As we can see, this inventory represents a description of Hausa and was added to PHOIBLE from the UPSID database (Maddieson, 1984; Maddieson & Precoda, 1990). To understand why this UPSID entry consulted 11 different sources, consider first that Hausa is typologically interesting (e.g., it has both ejective and implosive phonation mechanisms) and has tens of millions of speakers, making it relatively well-studied (the Glottolog reference catalog has more than 1400 references related to Hausa).

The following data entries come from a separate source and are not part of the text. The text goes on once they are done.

lemma tendsto_sbar_error_bound:
  fixes T :: "real \<Rightarrow> real" and h l :: "'b \<Rightarrow> real"
  assumes y0: "y0 > 0" and pos: "\<And>y. 0 < T y" and antimono: "\<And>a b. a \<le> b \<Longrightarrow> T b \<le> T a"
    and doubling: "\<And>z. y0 \<le> z \<Longrightarrow> T z \<le> 5/4 * T (2 * z)"
    and h: "filterlim h at_top F" and h_sq: "eventually (\<lambda>t. h t ^ 2 \<le> 1 / T (l t)) F"
  shows "((\<lambda>t. 22 / h t + 6 * y0 / (T (l t) ^ 2 * l t)) \<longlongrightarrow> 0) F"
proof -
  have "filterlim (\<lambda>t. 1 / T (l t)) at_top F"
    using filterlim_pow_at_top[OF _ h, of 2] h_sq by (rule filterlim_at_top_mono) simp
  then have l: "filterlim l at_top F"
    using filterlim_at_top_of_antimono[of T l F, OF pos antimono] by blast
  have "((\<lambda>t. 1 / (T (l t) ^ 2 * l t)) \<longlongrightarrow> 0) F"
    using tendsto_inverse_0_at_top[OF filterlim_compose[OF
        filterlim_tail_sq_mult_at_top[of y0 T, OF y0 pos antimono doubling] l]]
    by (simp add: inverse_eq_divide)
  with tendsto_divide_0[OF tendsto_const filterlim_at_top_imp_at_infinity[OF h]]
  have "((\<lambda>t. 22 / h t + 6 * y0 * (1 / (T (l t) ^ 2 * l t))) \<longlongrightarrow> 0 + 6 * y0 * 0) F"
    by (intro tendsto_add tendsto_mult tendsto_const)
  then show ?thesis by simp
qed

lemma tail_threshold_bounds:
  fixes T :: "real \<Rightarrow> real"
  assumes pos: "\<And>y. 0 < T y" and antimono: "\<And>a b. a \<le> b \<Longrightarrow> T b \<le> T a"
    and h: "2 \<le> h" "2 / T y0 \<le> h" and h_sq: "h^2 \<le> 1 / T l"
    and ratio: "1 / T l * (1 - 1/h) < 1 / T (l / h^3)"
  shows "T l \<le> 1/4" and "T (l / h^3) < 2 * T l" and "y0 < l / h^3"
proof -
  have "4 \<le> h^2" using h(1) by (simp add: power2_eq_square mult_mono[of 2 h 2 h, simplified])
  then have "4 * T l \<le> h^2 * T l" using pos[of l] by (intro mult_right_mono) auto
  moreover have "h^2 * T l \<le> 1" using h_sq pos[of l] by (simp add: field_simps)
  ultimately show "T l \<le> 1/4" by linarith
  have "1/2 \<le> 1 - 1/h" using h(1) by (simp add: field_simps)
  then have "1 / T l * (1/2) \<le> 1 / T l * (1 - 1/h)" using pos[of l] by (intro mult_left_mono) auto
  also note ratio
  finally show T_ratio: "T (l / h^3) < 2 * T l" using pos[of l] pos[of "l / h^3"] by (simp add: field_simps)
  have "h \<le> h^2" using h(1) by (simp add: power2_eq_square)
  then have "2 / T y0 \<le> 1 / T l" using h(2) h_sq by linarith
  then have "2 * T l \<le> T y0" using pos[of l] pos[of y0] by (simp add: field_simps)
  then show "y0 < l / h^3" using T_ratio antimono[of "l / h^3" y0] by linarith
qed

definition window :: "real \<Rightarrow> nat \<Rightarrow> nat set" where
  "window R k = {n. 1 \<le> \<bar>int n - int k\<bar> \<and> real_of_int \<bar>int n - int k\<bar> < R}"

lemma sbar_eq_sum_window: "sbar L Y h l \<omega> = (\<Sum>n\<in>window (L l / h) (first_exceed Y l \<omega>). Y n \<omega>)"
  by (simp add: sbar_def window_def)

lemma center_notin_window: "k \<notin> window R k"
  by (simp add: window_def)

lemma window_subset: "window R k \<subseteq> {k - nat (\<lceil>R\<rceil> - 1)..k + nat (\<lceil>R\<rceil> - 1)} - {k}"
proof
  fix n assume "n \<in> window R k"
  then have "\<bar>int n - int k\<bar> < \<lceil>R\<rceil>" "n \<noteq> k"
    by (auto simp: window_def less_ceiling_iff)
  then show "n \<in> {k - nat (\<lceil>R\<rceil> - 1)..k + nat (\<lceil>R\<rceil> - 1)} - {k}" by auto
qed

lemma finite_window: "finite (window R k)"
  by (rule finite_subset[OF window_subset]) simp

lemma card_window_le:
  assumes "R \<ge> 0"
  shows "real (card (window R k)) \<le> 2 * R"
proof -
  let ?m = "nat (\<lceil>R\<rceil> - 1)"
  have "card (window R k) \<le> card ({k - ?m..k + ?m} - {k})"
    by (rule card_mono[OF _ window_subset]) simp
  also have "\<dots> \<le> 2 * ?m" by (simp add: card_Diff_singleton_if)
  finally show ?thesis using assms by linarith
qed

lemma first_exceed_eq_Least: "first_exceed Y l \<omega> = (LEAST n. \<exists>i\<le>n. l < Y i \<omega>)"
proof -
  have "{Y i \<omega> |i. i \<le> nat \<lfloor>real n\<rfloor>} = (\<lambda>i. Y i \<omega>) ` {..n}" for n by auto
  then show ?thesis by (simp add: first_exceed_def runmax_def Max_gr_iff Bex_def)
qed

lemma first_exceed_eqI:
  assumes "l < Y k \<omega>" "\<forall>i<k. Y i \<omega> \<le> l"
  shows "first_exceed Y l \<omega> = k"
  unfolding first_exceed_eq_Least
proof (rule Least_equality)
  show "\<exists>i\<le>k. l < Y i \<omega>" using assms by auto
  fix n assume "\<exists>i\<le>n. l < Y i \<omega>"
  then show "k \<le> n" using assms(2) by (meson le_trans not_le)
qed

locale iid_sequence = prob_space M for M :: "'a measure" +
  fixes s0 :: "'a \<Rightarrow> real" and Y :: "nat \<Rightarrow> 'a \<Rightarrow> real"
  assumes s0_measurable [measurable]: "s0 \<in> borel_measurable M"
    and Y_measurable [measurable]: "\<And>n. Y n \<in> borel_measurable M"
    and Y_indep: "indep_vars (\<lambda>_. borel) Y UNIV"
    and Y_distr: "\<And>n. distr M borel (Y n) = distr M borel s0"
begin

abbreviation tail :: "real \<Rightarrow> real" where
  "tail y \<equiv> prob {\<omega> \<in> space M. y < s0 \<omega>}"

abbreviation capped_mean :: "real \<Rightarrow> real" where
  "capped_mean x \<equiv> expectation (\<lambda>\<omega>. capped_ratio x (s0 \<omega>))"

lemma tail_antimono: "a \<le> b \<Longrightarrow> tail b \<le> tail a"
  by (rule finite_measure_mono) auto

lemma prob_le_eq_one_minus_tail: "prob {\<omega> \<in> space M. s0 \<omega> \<le> l} = 1 - tail l"
proof -
  have "{\<omega> \<in> space M. s0 \<omega> \<le> l} = space M - {\<omega> \<in> space M. l < s0 \<omega>}" by auto
  then show ?thesis by (simp add: prob_compl)
qed

lemma expectation_indicator_s0:
  "A \<in> sets borel \<Longrightarrow> expectation (\<lambda>\<omega>. indicator A (s0 \<omega>)) = prob {\<omega> \<in> space M. s0 \<omega> \<in> A}"
  by (subst Bochner_Integration.integral_cong[where g = "indicator {\<omega> \<in> space M. s0 \<omega> \<in> A}"])
     (auto simp: indicator_def)

lemma capped_mean_nonneg: "0 \<le> capped_mean x"
  by (simp add: capped_ratio_nonneg)

lemma integrable_capped_ratio: "integrable M (\<lambda>\<omega>. capped_ratio x (s0 \<omega>))"
  by (intro integrable_const_bound[where B = 1]) (auto simp: capped_ratio_nonneg capped_ratio_le_one)

lemma capped_mean_le_one: "capped_mean x \<le> 1"
  using integral_mono[OF integrable_capped_ratio integrable_const capped_ratio_le_one] by (simp add: prob_space)

lemma capped_mean_halve:
  assumes "x > 0"
  shows "capped_mean x \<le> tail (x/2) + capped_mean (x/2) / 2"
proof -
  have "capped_mean x \<le> expectation (\<lambda>\<omega>. indicator {x/2<..} (s0 \<omega>) + capped_ratio (x/2) (s0 \<omega>) / 2)"
    using assms by (intro integral_mono integrable_capped_ratio capped_ratio_le_indicator_plus_half
        Bochner_Integration.integrable_add integrable_divide integrable_const_bound[where B = 1]) auto
  also have "\<dots> = tail (x/2) + capped_mean (x/2) / 2"
    by (simp add: integrable_capped_ratio integrable_const_bound[where B = 1] expectation_indicator_s0)
  finally show ?thesis .
qed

Second, note that Maddieson’s work on UPSID involved “typologizing” phonological inventories from different doculects, so that they were comparable across all entries in his database (cf. Hyman, 2008). Maddieson’s work was groundbreaking at the time because he was the first typologist to generate a stratified language sample aimed at being genealogically balanced, i.e. for each language family he chose one representative language. This allowed Maddieson to make statements about the cross-linguistic distribution of contrastive speech sounds with some level of statistical confidence. In fact, much about what we know about the distribution of the sounds of the world’s languages is due to Maddieson’s original language sample and his meticulous curation of the data.

Where do the language codes in PHOIBLE come from?

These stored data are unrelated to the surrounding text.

definition satisfies :: "('v::finite interp \<Rightarrow> real) \<Rightarrow> 'v constr \<Rightarrow> bool" where
  "satisfies P c \<longleftrightarrow> fst c + (\<Sum>(ci, \<phi>i) \<leftarrow> snd c. ci * prob P \<phi>i) \<ge> 0"

definition Mod :: "'v::finite constr set \<Rightarrow> ('v interp \<Rightarrow> real) set" where
  "Mod R = {P. is_dist P \<and> (\<forall>c\<in>R. satisfies P c)}"

definition consistent :: "'v::finite constr set \<Rightarrow> bool" where
  "consistent R \<longleftrightarrow> Mod R \<noteq> {}"

definition entropy :: "('v::finite interp \<Rightarrow> real) \<Rightarrow> real" where
  "entropy P = - (\<Sum>v\<in>UNIV. P v * ln (P v))"

definition ME :: "'v::finite constr set \<Rightarrow> ('v interp \<Rightarrow> real)" where
  "ME R = (THE P. P \<in> Mod R \<and> (\<forall>Q\<in>Mod R. entropy Q \<le> entropy P))"

definition blaschke :: "('v::finite interp \<Rightarrow> real) set \<Rightarrow> ('v interp \<Rightarrow> real) set \<Rightarrow> real" where
  "blaschke S1 S2 = Inf {\<delta>. (\<forall>P1\<in>S1. \<exists>P2\<in>S2. enorm (\<lambda>v. P1 v - P2 v) \<le> \<delta>)
                          \<and> (\<forall>P2\<in>S2. \<exists>P1\<in>S1. enorm (\<lambda>v. P2 v - P1 v) \<le> \<delta>)}"

end

theory Submission
  imports Defs "HOL-Real_Asymp.Real_Asymp"
begin

text \<open>
  Identify distributions with the points of the standard simplex in \<open>real ^ 'v interp\<close>. There
  entropy is continuous (as \<open>t ln t \<rightarrow> 0\<close> for \<open>t \<rightarrow> 0+\<close>) and strictly concave, and every
  \<open>Mod R\<close> is closed and convex, so \<open>ME R\<close> exists and is the unique entropy maximiser.
  The theorem is then an instance of a stability property of unique maximisers: if \<open>h\<close> is
  continuous on a compact set and \<open>S i\<close> converges to \<open>K\<close> in the Hausdorff sense, then maximisers
  \<open>q i\<close> of \<open>h\<close> on \<open>S i\<close> converge to the maximiser \<open>p\<close> on \<open>K\<close>. Indeed, by compactness \<open>h\<close> is
  at most \<open>h p - \<eta>\<close> on the points of \<open>K\<close> at distance \<open>\<ge> \<epsilon>\<close> from \<open>p\<close>; since \<open>p\<close> is approximated by
  points of \<open>S i\<close>, uniform continuity eventually gives \<open>h (q i) > h p - \<eta>/2\<close>, so the point of
  \<open>K\<close> close to \<open>q i\<close> must lie within \<open>\<epsilon>\<close> of \<open>p\<close>.
\<close>

lemma unique_maximizer_gap:
  fixes h :: "'a::metric_space \<Rightarrow> real"
  assumes "compact K" "continuous_on K h" "p \<in> K"
    and unique: "\<And>y. y \<in> K \<Longrightarrow> h p \<le> h y \<Longrightarrow> y = p"
    and "r > 0"
  shows "\<exists>\<eta>>0. \<forall>y\<in>K. r \<le> dist y p \<longrightarrow> h y + \<eta> \<le> h p"
proof -
  define C where "C = K \<inter> {y. r \<le> dist y p}"
  show ?thesis
  proof (cases "C = {}")
    case True
    then show ?thesis by (intro exI[of _ 1]) (auto simp: C_def)
  next
    case False
    have "closed {y. r \<le> dist y p}"
      by (intro closed_Collect_le continuous_on_const continuous_on_dist continuous_on_id)
    then have "compact C"
      unfolding C_def by (rule compact_Int_closed[OF \<open>compact K\<close>])
    moreover have "continuous_on C h"
      using \<open>continuous_on K h\<close> by (rule continuous_on_subset) (simp add: C_def)
    ultimately obtain y0 where "y0 \<in> C" and y0_max: "\<And>y. y \<in> C \<Longrightarrow> h y \<le> h y0"
      using continuous_attains_sup False by metis
    then have "y0 \<in> K" "y0 \<noteq> p"
      using \<open>r > 0\<close> by (auto simp: C_def)
    then have "h y0 < h p"
      using unique by force
    moreover have "\<forall>y\<in>K. r \<le> dist y p \<longrightarrow> h y + (h p - h y0) \<le> h p"
      using y0_max by (simp add: C_def)
    ultimately show ?thesis
      by (metis diff_gt_0_iff_gt)
  qed
qed

lemma tendsto_maximizers:
  fixes h :: "'a::metric_space \<Rightarrow> real"
  assumes "compact D" "continuous_on D h"
    and "closed K" "K \<subseteq> D" "\<And>i. S i \<subseteq> D"
    and approx: "\<And>e. e > 0 \<Longrightarrow> \<forall>\<^sub>F i in sequentially.
        (\<forall>x\<in>S i. \<exists>y\<in>K. dist x y \<le> e) \<and> (\<forall>y\<in>K. \<exists>x\<in>S i. dist x y \<le> e)"
    and q: "\<And>i. q i \<in> S i" "\<And>i x. x \<in> S i \<Longrightarrow> h x \<le> h (q i)"
    and p: "p \<in> K" "\<And>y. y \<in> K \<Longrightarrow> h p \<le> h y \<Longrightarrow> y = p"
  shows "q \<longlonglongrightarrow> p"
proof (rule tendstoI)
  fix \<epsilon> :: real
  assume "\<epsilon> > 0"
  have "compact K"
    using \<open>compact D\<close> \<open>closed K\<close> \<open>K \<subseteq> D\<close> by (metis compact_Int_closed inf.absorb2)
  moreover have "continuous_on K h"
    using \<open>continuous_on D h\<close> \<open>K \<subseteq> D\<close> by (rule continuous_on_subset)
  ultimately obtain \<eta> where "\<eta> > 0" and gap: "\<And>y. y \<in> K \<Longrightarrow> \<epsilon>/2 \<le> dist y p \<Longrightarrow> h y + \<eta> \<le> h p"
    using unique_maximizer_gap[of K h p "\<epsilon>/2"] p \<open>\<epsilon> > 0\<close> by auto
  have "uniformly_continuous_on D h"
    using assms(1,2) compact_uniformly_continuous by blast
  moreover have "\<eta>/2 > 0"
    using \<open>\<eta> > 0\<close> by simp
  ultimately obtain \<delta> where "\<delta> > 0"
    and uc: "\<And>x x'. x \<in> D \<Longrightarrow> x' \<in> D \<Longrightarrow> dist x' x < \<delta> \<Longrightarrow> \<bar>h x' - h x\<bar> < \<eta>/2"
    unfolding uniformly_continuous_on_def dist_real_def by blast
  define e where "e = min (\<delta>/2) (\<epsilon>/2)"
  have "e > 0"
    using \<open>\<delta> > 0\<close> \<open>\<epsilon> > 0\<close> by (simp add: e_def)
  show "\<forall>\<^sub>F i in sequentially. dist (q i) p < \<epsilon>"
    using approx[OF \<open>e > 0\<close>]
  proof eventually_elim
    case (elim i)
    then obtain x y where x: "x \<in> S i" "dist x p \<le> e" and y: "y \<in> K" "dist (q i) y \<le> e"
      using p(1) q(1) by blast
    have "x \<in> D" "y \<in> D" "p \<in> D" "q i \<in> D"
      using x(1) y(1) p(1) q(1) assms(4,5) by auto
    moreover have "dist x p < \<delta>" "dist (q i) y < \<delta>"
      using x(2) y(2) \<open>\<delta> > 0\<close> by (auto simp: e_def)
    ultimately have "\<bar>h x - h p\<bar> < \<eta>/2" "\<bar>h (q i) - h y\<bar> < \<eta>/2"
      using uc by blast+
    moreover have "h x \<le> h (q i)"
      using q(2) x(1) .
    ultimately have low: "h p - \<eta>/2 < h (q i)" and near: "h (q i) < h y + \<eta>/2"
      by linarith+
    show "dist (q i) p < \<epsilon>"
    proof (rule ccontr)
      assume "\<not> dist (q i) p < \<epsilon>"
      then have "\<epsilon>/2 \<le> dist y p"
        using dist_triangle[of "q i" p y] y(2) by (simp add: e_def dist_commute)
      then show False
        using gap[OF y(1)] low near by simp
    qed
  qed
qed

lemma xlnx_tendsto_0: "((\<lambda>t::real. t * ln t) \<longlongrightarrow> 0) (at_right 0)"
  by real_asymp

lemma continuous_on_xlnx: "continuous_on {0..} (\<lambda>t::real. t * ln t)"
  unfolding continuous_on_def
proof
  fix x :: real
  assume "x \<in> {0..}"
  show "((\<lambda>t. t * ln t) \<longlongrightarrow> x * ln x) (at x within {0..})"
  proof (cases "x = 0")
    case True
    then show ?thesis
      using xlnx_tendsto_0 by (simp add: at_within_Ici_at_right)
  next
    case False
    with \<open>x \<in> {0..}\<close> have "isCont (\<lambda>t. t * ln t) x"
      by (intro continuous_intros) auto
    then show ?thesis
      using continuous_at_imp_continuous_within continuous_within by blast
  qed
qed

Every phonological inventory in PHOIBLE has a unique numeric inventory ID. Since most PHOIBLE inventories (aside from some UPSID or SPA ones, as mentioned above) are based on a single document, it is fairly straightforward to link each PHOIBLE inventory to the Glottolog, which provides links between linguistic description documents and unique identifiers for dialects, languages, and groupings of dialects and languages at various levels (the preferred term for any of these levels of specificity / grouping is “languoid”; see Cysouw & Good, 2013). Thus in PHOIBLE each inventory typically corresponds to a single languoid, and in most cases that languoid is a “leaf node” in the Glottolog tree, i.e., it represents a particular dialect known to be used at a particular place and time (rather than a group of dialects, a language, or a language family). However, in the few cases where multiple document sources were consulted for an inventory, it may not be possible to link that inventory to a unique Glottolog leaf node. In such cases, the inventory in PHOIBLE is linked to the lowest possible Glottolog node that dominates the leaf nodes of each source document.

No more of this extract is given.